Work required: Retype, exactly as they appear below, the lines between the line holding "L \<Longrightarrow> runL" and the line holding "using upt_add_eq_append[of B", both ends included.

Data extracted from a collection:
========

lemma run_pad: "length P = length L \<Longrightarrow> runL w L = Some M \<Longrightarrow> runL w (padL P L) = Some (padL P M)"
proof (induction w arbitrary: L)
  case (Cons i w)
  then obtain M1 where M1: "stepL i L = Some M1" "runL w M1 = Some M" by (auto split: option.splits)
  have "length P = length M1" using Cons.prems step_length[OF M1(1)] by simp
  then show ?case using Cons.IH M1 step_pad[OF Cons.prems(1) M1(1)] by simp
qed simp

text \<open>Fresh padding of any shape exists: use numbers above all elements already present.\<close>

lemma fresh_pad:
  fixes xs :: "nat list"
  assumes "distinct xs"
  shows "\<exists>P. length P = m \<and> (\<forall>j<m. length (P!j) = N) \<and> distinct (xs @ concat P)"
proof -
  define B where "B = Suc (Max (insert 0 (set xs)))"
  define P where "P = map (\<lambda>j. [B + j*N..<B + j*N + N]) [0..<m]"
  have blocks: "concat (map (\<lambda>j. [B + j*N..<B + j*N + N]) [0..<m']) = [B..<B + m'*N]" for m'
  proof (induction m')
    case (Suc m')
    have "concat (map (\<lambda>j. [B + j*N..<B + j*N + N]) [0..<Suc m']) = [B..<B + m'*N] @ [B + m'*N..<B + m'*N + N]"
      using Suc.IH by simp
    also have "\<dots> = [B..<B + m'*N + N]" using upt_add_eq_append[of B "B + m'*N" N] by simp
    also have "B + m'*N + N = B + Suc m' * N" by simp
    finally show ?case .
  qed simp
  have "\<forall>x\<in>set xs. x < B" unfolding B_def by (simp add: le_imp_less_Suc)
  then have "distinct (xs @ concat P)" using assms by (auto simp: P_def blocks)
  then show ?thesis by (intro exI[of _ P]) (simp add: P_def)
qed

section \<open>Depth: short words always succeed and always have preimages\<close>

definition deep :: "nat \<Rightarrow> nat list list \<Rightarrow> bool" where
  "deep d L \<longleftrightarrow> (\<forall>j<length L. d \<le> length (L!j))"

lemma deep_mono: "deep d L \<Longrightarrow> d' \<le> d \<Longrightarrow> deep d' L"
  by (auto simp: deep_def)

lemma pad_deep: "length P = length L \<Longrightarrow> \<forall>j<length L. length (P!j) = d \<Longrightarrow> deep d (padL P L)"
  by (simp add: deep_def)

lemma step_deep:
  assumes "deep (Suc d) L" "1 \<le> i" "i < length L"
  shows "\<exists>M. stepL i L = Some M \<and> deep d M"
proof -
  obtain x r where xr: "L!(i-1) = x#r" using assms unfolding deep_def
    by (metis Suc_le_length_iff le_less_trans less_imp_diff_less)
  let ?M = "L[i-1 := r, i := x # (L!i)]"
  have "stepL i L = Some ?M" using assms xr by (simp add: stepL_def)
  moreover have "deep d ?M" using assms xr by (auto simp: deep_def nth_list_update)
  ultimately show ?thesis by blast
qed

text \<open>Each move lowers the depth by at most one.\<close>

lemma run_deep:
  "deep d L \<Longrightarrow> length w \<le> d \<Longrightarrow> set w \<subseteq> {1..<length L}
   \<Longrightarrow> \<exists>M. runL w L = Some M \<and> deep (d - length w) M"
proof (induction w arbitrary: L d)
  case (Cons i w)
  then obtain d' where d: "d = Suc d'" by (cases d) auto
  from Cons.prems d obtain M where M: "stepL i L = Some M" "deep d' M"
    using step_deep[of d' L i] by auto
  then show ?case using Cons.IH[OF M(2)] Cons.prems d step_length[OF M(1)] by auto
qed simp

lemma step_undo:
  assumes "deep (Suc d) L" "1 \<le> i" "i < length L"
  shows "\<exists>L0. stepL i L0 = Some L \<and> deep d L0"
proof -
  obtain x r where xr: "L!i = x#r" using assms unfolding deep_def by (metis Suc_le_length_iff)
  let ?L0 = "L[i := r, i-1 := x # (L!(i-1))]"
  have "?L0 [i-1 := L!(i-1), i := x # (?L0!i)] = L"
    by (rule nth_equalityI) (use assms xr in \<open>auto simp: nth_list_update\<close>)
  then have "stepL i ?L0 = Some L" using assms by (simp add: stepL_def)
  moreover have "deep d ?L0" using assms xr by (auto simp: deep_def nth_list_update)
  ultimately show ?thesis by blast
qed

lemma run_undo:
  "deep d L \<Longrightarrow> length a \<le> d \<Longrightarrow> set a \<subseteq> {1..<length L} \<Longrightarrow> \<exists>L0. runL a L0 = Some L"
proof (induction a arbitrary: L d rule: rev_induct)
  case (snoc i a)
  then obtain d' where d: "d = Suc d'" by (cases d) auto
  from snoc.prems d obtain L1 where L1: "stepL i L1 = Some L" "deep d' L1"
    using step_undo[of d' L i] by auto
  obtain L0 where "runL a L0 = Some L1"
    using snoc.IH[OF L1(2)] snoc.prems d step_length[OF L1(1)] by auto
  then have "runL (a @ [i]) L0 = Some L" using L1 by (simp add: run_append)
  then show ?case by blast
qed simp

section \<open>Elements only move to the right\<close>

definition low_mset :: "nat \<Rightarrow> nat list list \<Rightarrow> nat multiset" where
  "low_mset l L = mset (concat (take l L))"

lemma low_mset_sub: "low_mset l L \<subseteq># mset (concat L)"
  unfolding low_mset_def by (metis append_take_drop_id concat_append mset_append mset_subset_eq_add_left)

========

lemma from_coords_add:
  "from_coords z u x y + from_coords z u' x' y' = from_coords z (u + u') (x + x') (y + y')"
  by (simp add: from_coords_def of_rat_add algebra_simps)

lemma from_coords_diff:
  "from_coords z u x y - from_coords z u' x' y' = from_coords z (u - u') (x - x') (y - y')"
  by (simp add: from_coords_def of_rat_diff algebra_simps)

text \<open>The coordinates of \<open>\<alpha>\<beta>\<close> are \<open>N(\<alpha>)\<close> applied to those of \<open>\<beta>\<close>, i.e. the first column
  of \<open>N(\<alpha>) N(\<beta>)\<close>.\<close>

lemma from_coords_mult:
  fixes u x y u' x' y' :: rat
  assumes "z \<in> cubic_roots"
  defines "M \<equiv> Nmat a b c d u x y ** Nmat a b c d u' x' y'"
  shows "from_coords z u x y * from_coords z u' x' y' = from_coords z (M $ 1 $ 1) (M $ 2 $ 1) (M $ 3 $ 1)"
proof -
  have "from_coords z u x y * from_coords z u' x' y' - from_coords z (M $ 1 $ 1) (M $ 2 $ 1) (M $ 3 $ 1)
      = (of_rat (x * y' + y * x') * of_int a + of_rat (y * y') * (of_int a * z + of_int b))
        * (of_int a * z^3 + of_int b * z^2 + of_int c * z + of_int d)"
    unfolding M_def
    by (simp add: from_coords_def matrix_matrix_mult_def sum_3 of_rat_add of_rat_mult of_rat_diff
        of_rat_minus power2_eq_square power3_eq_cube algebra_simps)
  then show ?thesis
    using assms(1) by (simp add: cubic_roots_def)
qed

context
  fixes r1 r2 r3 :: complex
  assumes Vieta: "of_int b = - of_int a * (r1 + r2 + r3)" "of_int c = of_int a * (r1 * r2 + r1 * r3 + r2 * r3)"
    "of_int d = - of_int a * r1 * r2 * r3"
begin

========

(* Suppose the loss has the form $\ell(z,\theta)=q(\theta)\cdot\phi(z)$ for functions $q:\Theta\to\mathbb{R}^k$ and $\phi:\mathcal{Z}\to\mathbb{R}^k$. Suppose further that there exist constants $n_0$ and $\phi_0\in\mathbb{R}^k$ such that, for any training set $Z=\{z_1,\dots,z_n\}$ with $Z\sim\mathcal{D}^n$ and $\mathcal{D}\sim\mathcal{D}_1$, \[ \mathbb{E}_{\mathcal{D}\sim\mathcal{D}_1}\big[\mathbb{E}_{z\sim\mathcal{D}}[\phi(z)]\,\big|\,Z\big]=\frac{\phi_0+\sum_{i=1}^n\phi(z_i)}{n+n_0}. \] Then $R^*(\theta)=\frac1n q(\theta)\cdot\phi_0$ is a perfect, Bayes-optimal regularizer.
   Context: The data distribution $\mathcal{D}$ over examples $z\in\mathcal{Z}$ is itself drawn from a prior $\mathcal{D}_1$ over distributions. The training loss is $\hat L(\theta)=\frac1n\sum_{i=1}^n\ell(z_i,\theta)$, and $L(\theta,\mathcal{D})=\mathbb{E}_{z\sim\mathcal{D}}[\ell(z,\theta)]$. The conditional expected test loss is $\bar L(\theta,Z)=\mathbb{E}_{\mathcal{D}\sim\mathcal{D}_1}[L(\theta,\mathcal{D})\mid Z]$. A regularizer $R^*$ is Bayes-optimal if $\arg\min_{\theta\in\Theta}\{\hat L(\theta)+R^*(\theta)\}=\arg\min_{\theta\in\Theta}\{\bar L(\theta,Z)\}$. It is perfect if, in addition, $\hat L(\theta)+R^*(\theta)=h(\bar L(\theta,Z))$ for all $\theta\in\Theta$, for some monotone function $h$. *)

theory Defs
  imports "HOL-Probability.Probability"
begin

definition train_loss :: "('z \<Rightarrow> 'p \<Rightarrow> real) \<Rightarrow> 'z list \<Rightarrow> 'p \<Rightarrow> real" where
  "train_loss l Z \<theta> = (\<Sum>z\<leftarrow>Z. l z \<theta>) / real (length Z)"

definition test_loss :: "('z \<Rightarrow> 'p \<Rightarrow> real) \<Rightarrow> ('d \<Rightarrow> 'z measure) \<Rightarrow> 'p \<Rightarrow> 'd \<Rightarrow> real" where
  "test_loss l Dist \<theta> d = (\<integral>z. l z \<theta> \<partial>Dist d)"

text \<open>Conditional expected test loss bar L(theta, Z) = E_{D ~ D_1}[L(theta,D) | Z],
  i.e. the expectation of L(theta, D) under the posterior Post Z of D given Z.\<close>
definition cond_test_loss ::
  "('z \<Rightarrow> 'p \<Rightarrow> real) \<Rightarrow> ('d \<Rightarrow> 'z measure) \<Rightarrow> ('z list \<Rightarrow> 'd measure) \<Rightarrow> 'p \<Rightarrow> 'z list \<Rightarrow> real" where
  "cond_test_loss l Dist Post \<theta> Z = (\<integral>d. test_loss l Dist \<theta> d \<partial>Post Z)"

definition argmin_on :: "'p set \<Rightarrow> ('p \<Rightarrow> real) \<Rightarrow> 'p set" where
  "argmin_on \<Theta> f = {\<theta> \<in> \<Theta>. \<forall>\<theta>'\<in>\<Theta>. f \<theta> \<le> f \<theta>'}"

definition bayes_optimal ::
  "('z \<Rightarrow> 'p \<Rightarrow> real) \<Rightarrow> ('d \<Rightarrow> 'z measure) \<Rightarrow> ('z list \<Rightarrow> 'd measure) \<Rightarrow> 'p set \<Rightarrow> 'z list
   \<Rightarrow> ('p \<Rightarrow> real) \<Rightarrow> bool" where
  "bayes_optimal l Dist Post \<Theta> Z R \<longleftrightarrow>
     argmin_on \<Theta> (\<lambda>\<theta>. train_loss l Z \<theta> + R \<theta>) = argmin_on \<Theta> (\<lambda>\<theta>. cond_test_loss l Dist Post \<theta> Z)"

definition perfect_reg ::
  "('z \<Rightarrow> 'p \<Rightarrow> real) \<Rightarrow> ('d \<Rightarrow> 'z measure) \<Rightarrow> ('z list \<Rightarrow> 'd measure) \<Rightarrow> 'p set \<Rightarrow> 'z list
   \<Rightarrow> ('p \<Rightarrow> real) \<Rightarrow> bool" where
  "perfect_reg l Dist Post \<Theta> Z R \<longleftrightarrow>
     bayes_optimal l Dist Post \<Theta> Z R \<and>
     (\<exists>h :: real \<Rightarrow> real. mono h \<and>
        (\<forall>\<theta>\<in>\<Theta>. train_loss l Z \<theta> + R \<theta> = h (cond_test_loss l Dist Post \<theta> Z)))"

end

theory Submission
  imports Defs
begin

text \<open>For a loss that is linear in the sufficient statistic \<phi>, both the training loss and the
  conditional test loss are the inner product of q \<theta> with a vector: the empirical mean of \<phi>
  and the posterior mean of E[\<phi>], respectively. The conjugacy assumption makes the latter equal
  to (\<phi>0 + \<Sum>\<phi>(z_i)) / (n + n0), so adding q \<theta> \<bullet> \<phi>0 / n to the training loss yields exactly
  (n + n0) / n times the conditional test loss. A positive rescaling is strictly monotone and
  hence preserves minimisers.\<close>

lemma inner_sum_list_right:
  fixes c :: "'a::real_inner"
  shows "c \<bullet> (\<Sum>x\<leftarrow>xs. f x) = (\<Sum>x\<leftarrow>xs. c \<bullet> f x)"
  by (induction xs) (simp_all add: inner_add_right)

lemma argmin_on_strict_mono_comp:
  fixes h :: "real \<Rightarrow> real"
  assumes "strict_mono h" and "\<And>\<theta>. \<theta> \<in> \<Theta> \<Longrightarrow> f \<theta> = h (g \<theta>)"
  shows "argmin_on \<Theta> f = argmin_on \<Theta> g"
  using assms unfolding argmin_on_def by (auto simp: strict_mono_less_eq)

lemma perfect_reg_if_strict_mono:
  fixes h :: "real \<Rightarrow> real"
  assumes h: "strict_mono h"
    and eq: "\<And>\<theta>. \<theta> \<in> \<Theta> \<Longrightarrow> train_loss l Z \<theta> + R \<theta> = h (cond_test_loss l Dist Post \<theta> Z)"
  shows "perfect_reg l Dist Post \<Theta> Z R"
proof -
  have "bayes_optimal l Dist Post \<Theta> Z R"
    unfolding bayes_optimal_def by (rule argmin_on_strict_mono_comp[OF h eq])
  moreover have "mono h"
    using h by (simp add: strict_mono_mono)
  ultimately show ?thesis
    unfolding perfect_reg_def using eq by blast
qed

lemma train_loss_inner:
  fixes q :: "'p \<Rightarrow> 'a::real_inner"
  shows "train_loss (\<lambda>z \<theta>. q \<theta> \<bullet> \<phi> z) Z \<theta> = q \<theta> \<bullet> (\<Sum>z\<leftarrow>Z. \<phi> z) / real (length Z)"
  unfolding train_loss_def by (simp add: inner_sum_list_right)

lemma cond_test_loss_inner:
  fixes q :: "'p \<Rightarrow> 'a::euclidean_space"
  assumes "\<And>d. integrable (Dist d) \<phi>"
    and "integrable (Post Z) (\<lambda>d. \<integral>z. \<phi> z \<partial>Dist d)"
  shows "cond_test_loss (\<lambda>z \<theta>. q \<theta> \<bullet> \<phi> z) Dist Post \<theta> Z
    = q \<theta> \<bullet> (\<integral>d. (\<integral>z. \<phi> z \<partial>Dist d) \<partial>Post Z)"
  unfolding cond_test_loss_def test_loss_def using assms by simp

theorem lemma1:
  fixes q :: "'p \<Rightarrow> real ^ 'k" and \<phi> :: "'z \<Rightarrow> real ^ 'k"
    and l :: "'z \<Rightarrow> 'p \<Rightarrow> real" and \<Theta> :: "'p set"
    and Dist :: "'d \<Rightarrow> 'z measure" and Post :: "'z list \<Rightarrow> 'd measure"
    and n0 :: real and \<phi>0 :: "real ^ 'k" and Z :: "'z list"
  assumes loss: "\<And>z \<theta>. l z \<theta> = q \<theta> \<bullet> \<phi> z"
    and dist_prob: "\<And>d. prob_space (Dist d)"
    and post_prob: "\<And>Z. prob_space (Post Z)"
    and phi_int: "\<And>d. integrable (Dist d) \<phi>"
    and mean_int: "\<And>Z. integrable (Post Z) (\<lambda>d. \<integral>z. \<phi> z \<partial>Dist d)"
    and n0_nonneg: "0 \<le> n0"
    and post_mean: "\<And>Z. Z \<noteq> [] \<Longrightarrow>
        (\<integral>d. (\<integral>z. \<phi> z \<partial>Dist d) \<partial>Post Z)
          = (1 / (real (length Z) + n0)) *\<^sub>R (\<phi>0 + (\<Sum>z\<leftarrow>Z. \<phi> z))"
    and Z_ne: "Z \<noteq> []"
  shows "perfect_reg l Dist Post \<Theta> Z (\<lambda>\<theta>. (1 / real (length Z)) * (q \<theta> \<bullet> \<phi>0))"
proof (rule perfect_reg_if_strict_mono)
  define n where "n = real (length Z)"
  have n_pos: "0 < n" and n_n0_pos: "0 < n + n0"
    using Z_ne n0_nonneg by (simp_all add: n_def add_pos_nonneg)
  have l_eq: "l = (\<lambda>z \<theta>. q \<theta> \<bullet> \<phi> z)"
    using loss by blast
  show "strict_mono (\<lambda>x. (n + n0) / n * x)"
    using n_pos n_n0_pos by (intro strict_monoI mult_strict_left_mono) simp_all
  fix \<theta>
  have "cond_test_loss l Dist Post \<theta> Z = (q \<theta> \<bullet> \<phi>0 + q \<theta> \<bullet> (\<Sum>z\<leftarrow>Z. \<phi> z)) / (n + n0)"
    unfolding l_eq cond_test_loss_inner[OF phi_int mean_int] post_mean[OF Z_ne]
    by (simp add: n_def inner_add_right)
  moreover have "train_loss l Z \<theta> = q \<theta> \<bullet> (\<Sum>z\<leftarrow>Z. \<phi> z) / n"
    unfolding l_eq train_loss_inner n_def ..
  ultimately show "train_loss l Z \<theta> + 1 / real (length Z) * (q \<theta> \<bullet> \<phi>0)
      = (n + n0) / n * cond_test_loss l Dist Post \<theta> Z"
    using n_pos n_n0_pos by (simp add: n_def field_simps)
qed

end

========

Answer box:
lemma run_pad: "length P = length L \<Longrightarrow> runL w L = Some M \<Longrightarrow> runL w (padL P L) = Some (padL P M)"
proof (induction w arbitrary: L)
  case (Cons i w)
  then obtain M1 where M1: "stepL i L = Some M1" "runL w M1 = Some M" by (auto split: option.splits)
  have "length P = length M1" using Cons.prems step_length[OF M1(1)] by simp
  then show ?case using Cons.IH M1 step_pad[OF Cons.prems(1) M1(1)] by simp
qed simp

text \<open>Fresh padding of any shape exists: use numbers above all elements already present.\<close>

lemma fresh_pad:
  fixes xs :: "nat list"
  assumes "distinct xs"
  shows "\<exists>P. length P = m \<and> (\<forall>j<m. length (P!j) = N) \<and> distinct (xs @ concat P)"
proof -
  define B where "B = Suc (Max (insert 0 (set xs)))"
  define P where "P = map (\<lambda>j. [B + j*N..<B + j*N + N]) [0..<m]"
  have blocks: "concat (map (\<lambda>j. [B + j*N..<B + j*N + N]) [0..<m']) = [B..<B + m'*N]" for m'
  proof (induction m')
    case (Suc m')
    have "concat (map (\<lambda>j. [B + j*N..<B + j*N + N]) [0..<Suc m']) = [B..<B + m'*N] @ [B + m'*N..<B + m'*N + N]"
      using Suc.IH by simp
    also have "\<dots> = [B..<B + m'*N + N]" using upt_add_eq_append[of B "B + m'*N" N] by simp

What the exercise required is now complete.